Ferris felt one of Dorsal’s ears begin to unzip from its fastenings. Dorsal was losing his grip on the angel’s wing.
‘There is nowhere to go from here. What am I holding on for?’ asked Dorsal.
‘When we were waiting to die in the camp,’ said Chas, ‘waiting for the open door, the blank expression, the finger pointing towards the abyss, I asked myself where love had gone – had it drained away into the cracks between the planks in the floor beneath our lice-infested bunks, down into the deepest recesses of this planet from where it had once emerged? Was that what these places were for – a way to strip away the last vestiges of humanity, leaving us less than a mound of bones that were indistinguishable one from the other? I asked my father and my grandfather, was this ignominy really the end for all of us? I told them I had forgotten what hope looked like, we had been kept in the dark for so long that darkness was all we knew. My father did not have the words but my grandfather, the rabbi, told me that there was always a chance, that I should run if I had the slightest opportunity and never stop, the elbow in my cheek, the boot in my back, the bullet in my spine, nothing should stop me. If I escaped then all of my family would escape in me, if I were free, if they could see me be free, even for a split second then that would be a form of victory that would carry them through the end. I hated him for that, I wanted them to fight, to die fighting, clawing at the face of their enemy, but that was not in their design, they were great thinkers, but their hands would not form into fists.
‘When they came, on the day that the last vestige of my humanity drained from my body, the door opened and I was through it, the butt of a gun hit me in the face but I kept on running like a headless chicken and they let me. Where was I going to? I was an ant whose kingdom had once seemed eternal, destroyed by the child with boiling water until everywhere I turned there was degradation. But I was quick and they saw that this mongrel, this odd Catholic Jew could be of use, that I was worth keeping alive for the moment. I was used to ferry messages from one part of the camp to another, from commandant to commandant, I was the fucking internet. To other Jews, I became a jinx. I was a rag doll, fighting with the German dogs for scraps from the table, I was more despised than the Kapos but I survived, when even the dogs died I survived and yet in so many ways I did not survive. My grandfather was wrong. I died with my family, hand in hand with them and what you see, the husk that remains, is indestructible but empty.’
And as Chas felt Dorsal’s grip fail and gravity pulled him with her persistent grasp, he knew he could defy even her. He closed his eyes and prepared to fly like one of Chagal’s winged horses.
Chapter 40
It took Chas more than a minute to open his eyes again and when he did so he realised that Daniel’s grandmother, Bernice, had caught him and deposited him on the floor of another desecrated crypt beside Ferris and Dorsal. Viewing himself for a moment through her wicked eyes, Chas could see that to her the three of them were of no more importance than butterflies pinned behind a sheet of dusty glass.

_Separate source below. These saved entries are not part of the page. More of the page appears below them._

(* Let $M=(\mathcal{S},\mathcal{A},H,P,r,\mu)$ be a finite-horizon MDP with $\mathcal{S}\times\mathcal{A}$ compact, let $\boldsymbol\phi:\mathcal{S}\times\mathcal{A}\to\mathbb{R}^d$ be a feature map, and fix $h\in[H]$. The following two statements are equivalent. (1) There exist $d$ finite signed Borel measures $\boldsymbol\mu_h=(\mu_h^1,\dots,\mu_h^d)$ on $\mathcal{S}$ and a vector $\boldsymbol\theta_h\in\mathbb{R}^d$ such that for all $(s,a)\in\mathcal{S}\times\mathcal{A}$, $P(\cdot\mid h,s,a)=\boldsymbol\phi(s,a)^{\mathsf T}\boldsymbol\mu_h(\cdot)$ (equality of measures) and $r(h,s,a)=\boldsymbol\phi(s,a)^{\mathsf T}\boldsymbol\theta_h$. (2) There is a constant $C>0$ such that for every $f\in C(\mathcal{S})$ there exists $\boldsymbol\omega_{f,h}\in\mathbb{R}^d$ with $$(\mathcal{T}_hf)(s,a):=r(h,s,a)+\mathbb{E}_{s'\sim P(\cdot\mid h,s,a)}[f(s')]=\boldsymbol\phi(s,a)^{\mathsf T}\boldsymbol\omega_{f,h}\quad\text{for all }(s,a)\in\mathcal{S}\times\mathcal{A},$$ and $\|\boldsymbol\omega_{f,h}\|\le C(\|f\|_{C(\mathcal{S})}+1)$, where $\|\cdot\|$ is the Euclidean norm on $\mathbb{R}^d$.
   Context: A finite-horizon MDP $M=(\mathcal{S},\mathcal{A},H,P,r,\mu)$ consists of a state space $\mathcal{S}$ and action space $\mathcal{A}$ (subsets of Euclidean spaces), a horizon $H$, Borel transition probabilities $P(\cdot\mid h,s,a)$ on $\mathcal{S}$ for $(h,s,a)\in[H]\times\mathcal{S}\times\mathcal{A}$, a deterministic continuous reward $r:[H]\times\mathcal{S}\times\mathcal{A}\to[0,1]$, and an initial distribution $\mu$. $C(\mathcal{S})$ denotes the bounded continuous real functions on $\mathcal{S}$ with the sup norm $\|\cdot\|_{C(\mathcal{S})}$. *)

theory Defs
  imports "HOL-Probability.Probability"
begin

text \<open>Each P h s a is a Borel probability measure on S (Borel sets of S = sets of
  restrict_space borel S); r is continuous on S x A with values in [0,1] for each h;
  mu is a Borel probability measure on S.\<close>
definition finite_horizon_mdp ::
  "'a::euclidean_space set \<Rightarrow> 'b::euclidean_space set \<Rightarrow> nat \<Rightarrow>
   (nat \<Rightarrow> 'a \<Rightarrow> 'b \<Rightarrow> 'a measure) \<Rightarrow> (nat \<Rightarrow> 'a \<Rightarrow> 'b \<Rightarrow> real) \<Rightarrow> 'a measure \<Rightarrow> bool"
where
  "finite_horizon_mdp S A H P r mu \<longleftrightarrow>
     (\<forall>h\<in>{1..H}. \<forall>s\<in>S. \<forall>a\<in>A.
        prob_space (P h s a) \<and> sets (P h s a) = sets (restrict_space borel S)) \<and>
     (\<forall>h\<in>{1..H}. continuous_on (S \<times> A) (\<lambda>(s, a). r h s a) \<and>
        (\<forall>s\<in>S. \<forall>a\<in>A. 0 \<le> r h s a \<and> r h s a \<le> 1)) \<and>
     prob_space mu \<and> sets mu = sets (restrict_space borel S)"

text \<open>A finite signed measure on the sigma-algebra of M: a real-valued, countably
  additive set function (values outside sets M are irrelevant).\<close>
definition finite_signed_measure :: "'a measure \<Rightarrow> ('a set \<Rightarrow> real) \<Rightarrow> bool" where
  "finite_signed_measure M \<nu> \<longleftrightarrow> \<nu> {} = 0 \<and>
     (\<forall>F::nat \<Rightarrow> 'a set. range F \<subseteq> sets M \<longrightarrow> disjoint_family F \<longrightarrow>
        (\<lambda>n. \<nu> (F n)) sums \<nu> (\<Union>n. F n))"

text \<open>C(S): bounded continuous real functions on S, with the sup norm.\<close>
definition bcontinuous :: "'a::topological_space set \<Rightarrow> ('a \<Rightarrow> real) \<Rightarrow> bool" where
  "bcontinuous S f \<longleftrightarrow> continuous_on S f \<and> bounded (f ` S)"

definition sup_norm :: "'a set \<Rightarrow> ('a \<Rightarrow> real) \<Rightarrow> real" where
  "sup_norm S f = (SUP s\<in>S. \<bar>f s\<bar>)"

end

theory Submission
  imports Defs
begin

text \<open>Choose finitely many state-action pairs z whose features \<open>\<phi> z\<close> form a basis of the
  span of all features, with dual vectors \<open>b z\<close>, so that
  \<open>\<phi> x = (\<Sum>z. (\<phi> x \<bullet> b z) *\<^sub>R \<phi> z)\<close>. A real function g on \<open>S \<times> A\<close> is linear in the
  features exactly when \<open>g x = (\<Sum>z. (\<phi> x \<bullet> b z) * g z)\<close>, and then
  \<open>g x = \<phi> x \<bullet> (\<Sum>z. g z *\<^sub>R b z)\<close>. Both statements of the theorem are therefore equivalent to
  this identity for the reward and for the transition measures. From measures to Bellman
  backups, integrate the identity against f; the weight vector \<open>\<Sum>z. (T f) z *\<^sub>R b z\<close> has norm
  at most \<open>(\<parallel>f\<parallel> + 1) \<Sum>z. \<parallel>b z\<parallel>\<close>. Conversely, bounded continuous functions determine finite
  Borel measures: continuous cutoffs converge to indicators of closed sets, and closed sets
  generate the Borel sets.\<close>

section \<open>Integrals against a linear combination of measures\<close>

lemma space_eq_if_sets_restrict_space:
  "sets M = sets (restrict_space borel S) \<Longrightarrow> space M = S"
  by (drule sets_eq_imp_space_eq) (simp add: space_restrict_space)

lemma integrable_bounded_measurable:
  fixes f :: "'a \<Rightarrow> real"
  assumes "finite_measure M" "sets M = sets R" "f \<in> borel_measurable R"
    and "\<And>x. x \<in> space R \<Longrightarrow> \<bar>f x\<bar> \<le> K"
  shows "integrable M f"
proof -
  interpret finite_measure M by fact
  show ?thesis
    using assms sets_eq_imp_space_eq[OF assms(2)] measurable_cong_sets[OF assms(2) refl]
    by (intro integrable_const_bound[where B = K]) auto
qed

‘I was just climbing back up the ladder from the supermarket with my shopping, when I saw you clowns and decided I had better intervene before you drew any more attention to my little eagle’s nest,’ said Bernice.
‘Yes, I saw that,’ said Ferris, ‘but the other route looked far more exciting.’
‘You knew there was a fucking ladder and you didn’t tell us. Right, that’s it, I am going to actually rip your leg off and stick it up your arsehole.’ Dorsal lurched towards Ferris but was prevented from reaching him because the slightly built sixty-year-old woman who had plucked him out of the air with Ferris still attached to his ears, appeared to have him in a half nelson. He thought he might be falling in love.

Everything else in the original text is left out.